# Showjumping Bayley



## cockerpoo61 (Jun 24, 2011)

Bayley training for the next Crufts lol


----------



## cockerpoo61 (Jun 24, 2011)

Holly is not amused she might have to do the jumps next and her legs are little!!!


----------



## mary181 (Aug 1, 2012)

Way to go Bailey!Lovely to see what a dog does naturally.


----------



## lady amanda (Nov 26, 2010)

great pics!!! Thanks for sharing! I love the action shot


----------



## emmelg (Mar 4, 2012)

Great pic xx


----------



## JasperBlack (Sep 1, 2012)

Aww fab! Holly's face, classic!!! Can't wait to meet your two poo's x


Sent from my iPhone using Tapatalk


----------



## Toffin (Aug 8, 2012)

Look at the concentration on Bayley's face!

Toffin
x


----------



## JoJo (Mar 2, 2011)

Bayley & Holly you always make me smile .. fab cockapoos


----------



## KCsunshine (Apr 16, 2012)

That is a freat picture! You can see how much Bayley is loving that.


----------



## BeckyP (Mar 21, 2012)

Fantastic pictures! I just love the action shot. Can't wait til Kipper is big enough to do all that stuff.... think my girls would love those hurdle things too, they've been inspired by Jessica Ennis over the summer.


----------



## Muttley Brody (Feb 14, 2012)

Lovely photos.

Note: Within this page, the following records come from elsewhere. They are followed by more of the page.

text \<open>Conjugation of partitions in a k \<times> m box: f has m parts (at 1..m), each at most k.\<close>

definition conjugate :: "nat \<Rightarrow> nat \<Rightarrow> (nat \<Rightarrow> nat) \<Rightarrow> nat \<Rightarrow> nat" where
  "conjugate k m f i = (if i \<in> {1..k} then card {x \<in> {1..m}. i \<le> f x} else 0)"

lemma conjugate_outside: "i \<notin> {1..k} \<Longrightarrow> conjugate k m f i = 0"
  unfolding conjugate_def by (rule if_not_P)

lemma conjugate_le: "conjugate k m f i \<le> m"
proof -
  have "card {x \<in> {1..m}. i \<le> f x} \<le> card {1..m}" by (rule card_mono) auto
  then show ?thesis by (simp add: conjugate_def)
qed

lemma conjugate_mono:
  assumes "\<forall>x\<in>{1..m}. f x \<le> g x"
  shows "conjugate k m f i \<le> conjugate k m g i"
  unfolding conjugate_def using assms by (auto intro!: card_mono intro: order_trans)

lemma antimono_on_conjugate: "antimono_on {1..k} (conjugate k m f)"
  unfolding conjugate_def monotone_on_def by (auto intro!: card_mono)

lemma conjugate_conjugate_apply:
  assumes f: "antimono_on {1..m} f" and bound: "\<forall>x\<in>{1..m}. f x \<le> k" and x: "x \<in> {1..m}"
  shows "conjugate m k (conjugate k m f) x = f x"
proof -
  have "{i \<in> {1..k}. x \<le> conjugate k m f i} = {i \<in> {1..k}. i \<le> f x}"
    using le_card_superlevel_iff[OF f x] by (auto simp: conjugate_def)
  also have "\<dots> = {1..f x}" using bound x by (auto intro: order_trans)
  finally show ?thesis using x by (simp add: conjugate_def)
qed

lemma conjugate_conjugate:
  assumes "antimono_on {1..m} f" and "\<forall>x\<in>{1..m}. f x \<le> k" and "\<forall>x. x \<notin> {1..m} \<longrightarrow> f x = 0"
  shows "conjugate m k (conjugate k m f) = f"
proof
  fix x
  show "conjugate m k (conjugate k m f) x = f x"
    using conjugate_conjugate_apply[OF assms(1,2)] assms(3)
    by (cases "x \<in> {1..m}") (simp_all add: conjugate_outside)
qed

What's the size difference between the 2 of them?


----------



## cockerpoo61 (Jun 24, 2011)

There is quite a big difference in their size but there again they came from different breeders so have different parents.

Bayley is roughly 30 inches long (to his bum not the end of his tail). 24 inches from floor to top of his head.

Holly is roughly 20 inches long (to end of her bum not end of her tail). 18 inches from floor to top of her head.

Holly may be alot smaller but she is definately the boss 

There is only 3 months difference in ages, and they got on from the first day they met, think thats because they are 2 softies


----------